= Evaluation of Transsexual Surgery =

The Evaluation of Transsexual Surgery was a report published by the National Center for Health Care Technology (NCHCT) under the United States Department of Health and Human Services in 1981. The report drew on a paper from Janice Raymond on the "social and ethical aspects of transsexual surgery" which the NCHCT had commissioned from her in 1980. The report concluded, based on Raymond's work, that transgender surgeries were "experimental" and "controversial" and recommended they not be covered by public insurance. This was formalized in a National Coverage Determination (NCD) banning it for Medicaid in 1989, which remained in force until 2014. The report and exclusion of trans healthcare that resulted from it are thought to have shortened the lifespans of transgender people in the United States.

== Background ==
The National Center for Health Care Technology was created under the Department of Health and Human Services (HHS) by Congress's passage of Public Law 95-623 in 1978 with a 3 year mandate.

In 1979, Janice Raymond published The Transsexual Empire, which argued that "all transsexuals rape women's bodies by reducing the real female form to an artifact, appropriating the body for themselves".

Prior to 1981, the US Department of Health and Human Services considered transition related healthcare to be medically necessary. Several court cases prior to 1981 deemed state efforts to exclude transgender healthcare from Medicaid coverage to be unconstitutional discrimination.

== Report ==
In 1980, Raymond was contracted by the congressionally mandated NCHCT to research the ethics of transgender surgery, released in a report titled Technology on the Social and Ethical Aspects of Transsexual Surgery. Raymond's report said medical interventions are an ethical issues raising "questions of bodily mutilation" under the "do no harm" principle and called for "the elimination of transsexualism". It stated:

Over and above the medical and scientific issues, it would also appear that transsexual surgery is controversial in our society. For example. Thomas Szasz has asked whether an old person who desires to be young suffers from the "disease" of being a "transchronological" or does the poor person who wants to be rich suffer from the "disease" of being a "transeconomical?" (Szasz 1979). Some have held that it would be preferable to modify society's sex role expectations of men and women than to modify either the body or the mind of individuals to fit those sex expectations.

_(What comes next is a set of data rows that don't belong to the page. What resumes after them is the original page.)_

lemma cost_admissible_mono:
  assumes "cost_admissible k'" "0 < k" "k \<le> k'"
  shows "cost_admissible k"
proof -
  have "1 / (k' * M powr (1 - th)) \<le> 1 / (k * M powr (1 - th))"
    using assms M_pos by (intro divide_left_mono mult_right_mono mult_pos_pos) (auto simp: cost_admissible_def)
  then show ?thesis using assms by (auto simp: cost_admissible_def)
qed

abbreviation marginal_price :: "real \<Rightarrow> real \<Rightarrow> real" where
  "marginal_price k p \<equiv> marginal k (p powr ((1-sig)/th))"

lemma marginal_zero_pos: "marginal k 0 > 0"
  using th M_pos by (simp add: marginal_def)

lemma marginal_top_neg:
  assumes "cost_admissible k"
  shows "marginal k (M powr (1-sig)) < 0"
proof -
  have "(M powr (1-sig)) powr ((2-sig-th)/(1-sig)) = M powr (1-sig) * M powr (1-th)"
  proof -
    have "(1-sig) * ((2-sig-th)/(1-sig)) = (1-sig) + (1-th)" using sig by (simp add: field_simps)
    then show ?thesis by (simp add: powr_powr powr_add[symmetric])
  qed
  then have "marginal k (M powr (1-sig)) = (1-sig) * M powr (1-sig) * (eta * k * M powr (1-th) - 1)"
    unfolding marginal_def by (simp add: algebra_simps)
  moreover have "eta * (k * M powr (1-th)) < 1"
  proof -
    have "k * M powr (1-th) > 0" using assms M_pos by (simp add: cost_admissible_def)
    then show ?thesis using assms by (simp add: cost_admissible_def pos_less_divide_eq)
  qed
  ultimately show ?thesis using sig M_pos by (simp add: mult_pos_neg)
qed

lemma convex_on_marginal:
  assumes "k \<ge> 0"
  shows "convex_on {0<..} (marginal k)"
proof -
  have "(2-sig-th)/(1-sig) \<ge> 1" using sig th by (simp add: field_simps)
  then have "convex_on {0<..} (\<lambda>v. eta*k*(1-sig) * v powr ((2-sig-th)/(1-sig)))"
    using assms eta_pos sig by (intro convex_on_cmul powr_convex) auto
  moreover have "convex_on {0<..} (\<lambda>v::real. th * M powr (1-sig) - (th + 1 - sig) * v)"
    using sig th by (intro convex_on_diff concave_on_cmul) (auto simp: convex_on_const concave_on_ident)
  ultimately show ?thesis
    unfolding marginal_def by (intro convex_on_add)
qed

lemma continuous_on_marginal: "continuous_on {0..} (marginal k)"
proof -
  have "(2-sig-th)/(1-sig) > 0" using sig th by simp
  then show ?thesis
    unfolding marginal_def
    by (intro continuous_on_add continuous_on_diff continuous_on_mult continuous_on_const
        continuous_on_id continuous_on_powr_nonneg)
qed

lemma marginal_strict_mono_cost:
  assumes "k < k'" "v > 0"
  shows "marginal k v < marginal k' v"
proof -
  have "k * (eta * (1-sig) * v powr ((2-sig-th)/(1-sig)))
      < k' * (eta * (1-sig) * v powr ((2-sig-th)/(1-sig)))"
    using assms eta_pos sig by (intro mult_strict_right_mono) auto
  then show ?thesis unfolding marginal_def by (simp add: algebra_simps)
qed

lemma marginal_neg_right:
  assumes "cost_admissible k" "0 < v1" "v1 < v" "v < M powr (1-sig)" "marginal k v1 \<le> 0"
  shows "marginal k v < 0"
  using convex_on_neg_between[OF convex_on_marginal _ _ assms(3,4,5) marginal_top_neg[OF assms(1)]]
    assms(1,2) M_pos by (auto simp: cost_admissible_def)

definition revenue_peak :: "real \<Rightarrow> real \<Rightarrow> bool" where
  "revenue_peak k ps \<longleftrightarrow> 0 < ps \<and> ps < pmax th M \<and> marginal_price k ps = 0
     \<and> (\<forall>p. 0 \<le> p \<and> p < ps \<longrightarrow> marginal_price k p > 0)
     \<and> (\<forall>p. ps < p \<and> p < pmax th M \<longrightarrow> marginal_price k p < 0)"

lemma revenue_peak_exists:
  assumes k: "cost_admissible k"
  shows "\<exists>ps. revenue_peak k ps"
proof -
  let ?v = "\<lambda>p. p powr ((1-sig)/th)"
  have e: "(1-sig)/th > 0" using sig th by simp
  obtain vs where vs: "0 \<le> vs" "vs \<le> M powr (1-sig)" "marginal k vs = 0"
    using IVT2'[OF less_imp_le[OF marginal_top_neg[OF k]] less_imp_le[OF marginal_zero_pos]
      _ continuous_on_subset[OF continuous_on_marginal]] M_pos by auto
  have vs_pos: "vs > 0" using vs marginal_zero_pos[of k] by (cases "vs = 0") auto
  have vs_top: "vs < M powr (1-sig)" using vs marginal_top_neg[OF k] by (cases "vs = M powr (1-sig)") auto
  define ps where "ps = vs powr (th/(1-sig))"
  have v_ps: "?v ps = vs" using vs sig th by (simp add: ps_def powr_powr)
  have "0 < ps" using vs_pos by (simp add: ps_def)
  moreover have "ps < pmax th M"
  proof -
    have "ps < (M powr (1-sig)) powr (th/(1-sig))"
      unfolding ps_def using vs_pos vs_top sig th by (intro powr_less_mono2) auto
    then show ?thesis using sig by (simp add: pmax_def powr_powr)
  qed
  moreover have "marginal_price k p > 0" if "0 \<le> p" "p < ps" for p
  proof (rule ccontr)
    assume "\<not> ?thesis"
    moreover have "?v p < vs" using that \<open>0 < ps\<close> e by (simp add: powr_less_powr_iff flip: v_ps)
    ultimately have "marginal k vs < 0"
      using marginal_neg_right[OF k, of "?v p" vs] marginal_zero_pos[of k] vs_top
      by (cases "p = 0") auto
    then show False using vs by simp
  qed
  moreover have "marginal_price k p < 0" if "ps < p" "p < pmax th M" for p
  proof -
    have "vs < ?v p" using that \<open>0 < ps\<close> e by (simp add: powr_less_powr_iff flip: v_ps)
    moreover have "?v p < M powr (1-sig)" using that \<open>0 < ps\<close> sig threshold_powr_less[of p "1-sig"] by simp
    ultimately show ?thesis using marginal_neg_right[OF k vs_pos] vs by simp
  qed
  ultimately show ?thesis using vs v_ps unfolding revenue_peak_def by (intro exI[of _ ps]) auto
qed

lemma revenue_peak_gt:
  assumes "revenue_peak k ps" "0 \<le> q" "q < pmax th M" "marginal_price k q > 0"
  shows "q < ps"
proof (rule ccontr)
  assume "\<not> q < ps"
  then consider "q = ps" | "ps < q" by linarith
  then show False using assms unfolding revenue_peak_def by cases auto
qed

lemma revenue_peak_lt:
  assumes "revenue_peak k ps" "0 \<le> q" "marginal_price k q < 0"
  shows "ps < q"
proof (rule ccontr)
  assume "\<not> ps < q"
  then consider "q = ps" | "q < ps" by linarith
  then show False using assms unfolding revenue_peak_def by cases force+
qed

lemma rev_formula_strict_mono_below_peak:
  assumes "revenue_peak k ps" "0 \<le> a" "a < b" "b \<le> ps"
  shows "rev_formula k a < rev_formula k b"
proof (rule DERIV_pos_imp_increasing_open[OF assms(3)])
  show "continuous_on {a..b} (rev_formula k)"
    using continuous_on_rev_formula by (rule continuous_on_subset) (use assms in auto)
  fix x assume "a < x" "x < b"
  then have "x > 0" "marginal_price k x > 0" using assms unfolding revenue_peak_def by auto
  moreover have "N / (th * M powr (1-sig)) > 0" using N_pos th M_pos by simp
  ultimately show "\<exists>y. (rev_formula k has_real_derivative y) (at x) \<and> y > 0"
    using rev_formula_has_derivative by (blast intro: mult_pos_pos)
qed

lemma rev_formula_strict_anti_above_peak:
  assumes "revenue_peak k ps" "ps \<le> a" "a < b" "b < pmax th M"
  shows "rev_formula k b < rev_formula k a"
proof (rule DERIV_neg_imp_decreasing_open[OF assms(3)])
  show "continuous_on {a..b} (rev_formula k)"
    using continuous_on_rev_formula by (rule continuous_on_subset) (use assms in \<open>auto simp: revenue_peak_def\<close>)
  fix x assume "a < x" "x < b"
  then have "x > 0" "marginal_price k x < 0" using assms unfolding revenue_peak_def by auto
  moreover have "N / (th * M powr (1-sig)) > 0" using N_pos th M_pos by simp
  ultimately show "\<exists>y. (rev_formula k has_real_derivative y) (at x) \<and> y < 0"
    using rev_formula_has_derivative by (blast intro: mult_pos_neg)
qed

subsection \<open>Feasible prices and the equilibrium price\<close>

abbreviation feasible :: "real \<Rightarrow> real \<Rightarrow> real set" where
  "feasible ka kp \<equiv> Feas N sig M th eta C ka kp"

abbreviation threshold_price :: "real \<Rightarrow> real \<Rightarrow> real" where
  "threshold_price ka kp \<equiv> p0 N sig M th eta C ka kp"

abbreviation eq_price :: "real \<Rightarrow> real \<Rightarrow> real" where
  "eq_price ka kp \<equiv> peq N sig M th eta C ka kp"

lemma mem_feasible_iff:
  "q \<in> feasible ka kp \<longleftrightarrow>
     0 \<le> q \<and> q < pmax th M \<and> rev_formula ka q > 0 \<and> peak_formula kp q \<le> C"
proof -
  have "Rev N sig M th eta ka q > 0 \<Longrightarrow> q < pmax th M"
    unfolding Rev_def by (cases "q < pmax th M") auto
  then show ?thesis
    unfolding Feas_def using Rev_eq_rev_formula Peak_eq_peak_formula by auto
qed

lemma bdd_below_feasible: "bdd_below (feasible ka kp)"
  unfolding bdd_below_def using mem_feasible_iff by blast

lemma threshold_price_bounds:
  assumes "ka > 0" "feasible ka kp \<noteq> {}"
  shows "0 < threshold_price ka kp" "threshold_price ka kp < pmax th M"
proof -
  let ?F = "feasible ka kp"
  obtain q where q: "q \<in> ?F" using assms by blast
  have "threshold_price ka kp \<le> q" unfolding p0_def using cInf_lower[OF q bdd_below_feasible] .
  then show "threshold_price ka kp < pmax th M" using q mem_feasible_iff by force
  have "(rev_formula ka \<longlongrightarrow> rev_formula ka 0) (at 0 within {0..})"
    using continuous_on_rev_formula by (simp add: continuous_on_def)
  then have "\<forall>\<^sub>F x in at 0 within {0..}. rev_formula ka x < 0"
    using rev_formula_zero_neg[OF assms(1)] by (rule order_tendstoD)
  then obtain d where d: "d > 0" "\<And>x. 0 \<le> x \<Longrightarrow> x < d \<Longrightarrow> rev_formula ka x < 0"
    using rev_formula_zero_neg[OF assms(1)] unfolding eventually_at by (metis atLeast_iff dist_real_def diff_zero abs_of_nonneg)
  show "0 < threshold_price ka kp"
  proof (rule ccontr)
    assume "\<not> ?thesis"
    then have "Inf ?F < d" using d unfolding p0_def by simp
    then obtain x where "x \<in> ?F" "x < d" using cInf_less_iff[OF _ bdd_below_feasible] assms by blast
    then show False using d mem_feasible_iff by force
  qed
qed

The National Center for Health Care Technology, operating under the United States Department of Health and Human Services, issued the Evaluation of Transsexual Surgery in 1981. The report stated the surgeries were "controversial" and "experimental" and that there is a "lack of well controlled, long-term studies of the safety and effectiveness of the surgical procedures" and "a high rate of serious complications". Raymond's report and a review of the Transsexual Empire were the only sources cited for the claim transgender surgeries were "controversial".
It recommended that health care related to "sex changes" not be covered by public health insurance.

In 1989 the Health Care Financing Administration formalized this as a National Coverage Determination (NCD), 140.3, Transsexual Surgery that made transsexual surgery ineligible from public insurance on the basis of the NCTCH report. The ACLU submitted letters and affidavits challenging the NCD. The NCD stated:

Transsexual surgery for sex reassignment of transsexuals is controversial. Because of the lack of well controlled, long-term studies of the safety and effectiveness of the surgical procedures and attendant therapies for transsexualism, the treatment is considered experimental. Moreover, there is a high rate of serious complications for these surgical procedures. For these reasons, transsexual surgery is not covered.

== Legacy ==
Exclusion in public and private healthcare became the standard for decades and a lack of funding for clinical care and research led to the closing of transgender care programs. Many private insurers adopted trans exclusionary causes that denied based on the NCD. The report and legal exclusion of trans healthcare from public insurance is thought to have led to shortened life spans among transgender people.

Followed decisions in five states and Washington D.C. concluding that exclusions of transgender healthcare by private insurance plans were discriminatory, and statements from the American Medical Association and American Psychological Association, the NCD decision was reversed until 2014.

In 2013, the Obama administration and HHS announced plans to allow Medicare coverage of transgender surgery and requested public input. On the same day the request was made, the HHS withdrew it, stating the independent Department Appeals Board would review it instead. This was thought to be due to vocal opposition from conservative critics. The American Civil Liberties Union, Gay and Lesbian Advocates and Defenders (GLAD), and the National Center for Lesbian Rights (NCLR) filed the appeal on behalf of an aggrieved party, who had been denied coverage by Medicare for her surgery. Amicus Briefs were submitted by the World Professional Association for Transgender Health (WPATH), the Human Rights Campaign, the National Center for Transgender Equality, and the Sylvia Rivera Law Project. The Centers for Medicare and Medicaid Services (CMS) did not defend the challenged NCD and shifted the decision to the Local Coverage Determinations due to evidence presented that surgeries were safe, effective, and could no longer be considered experimental.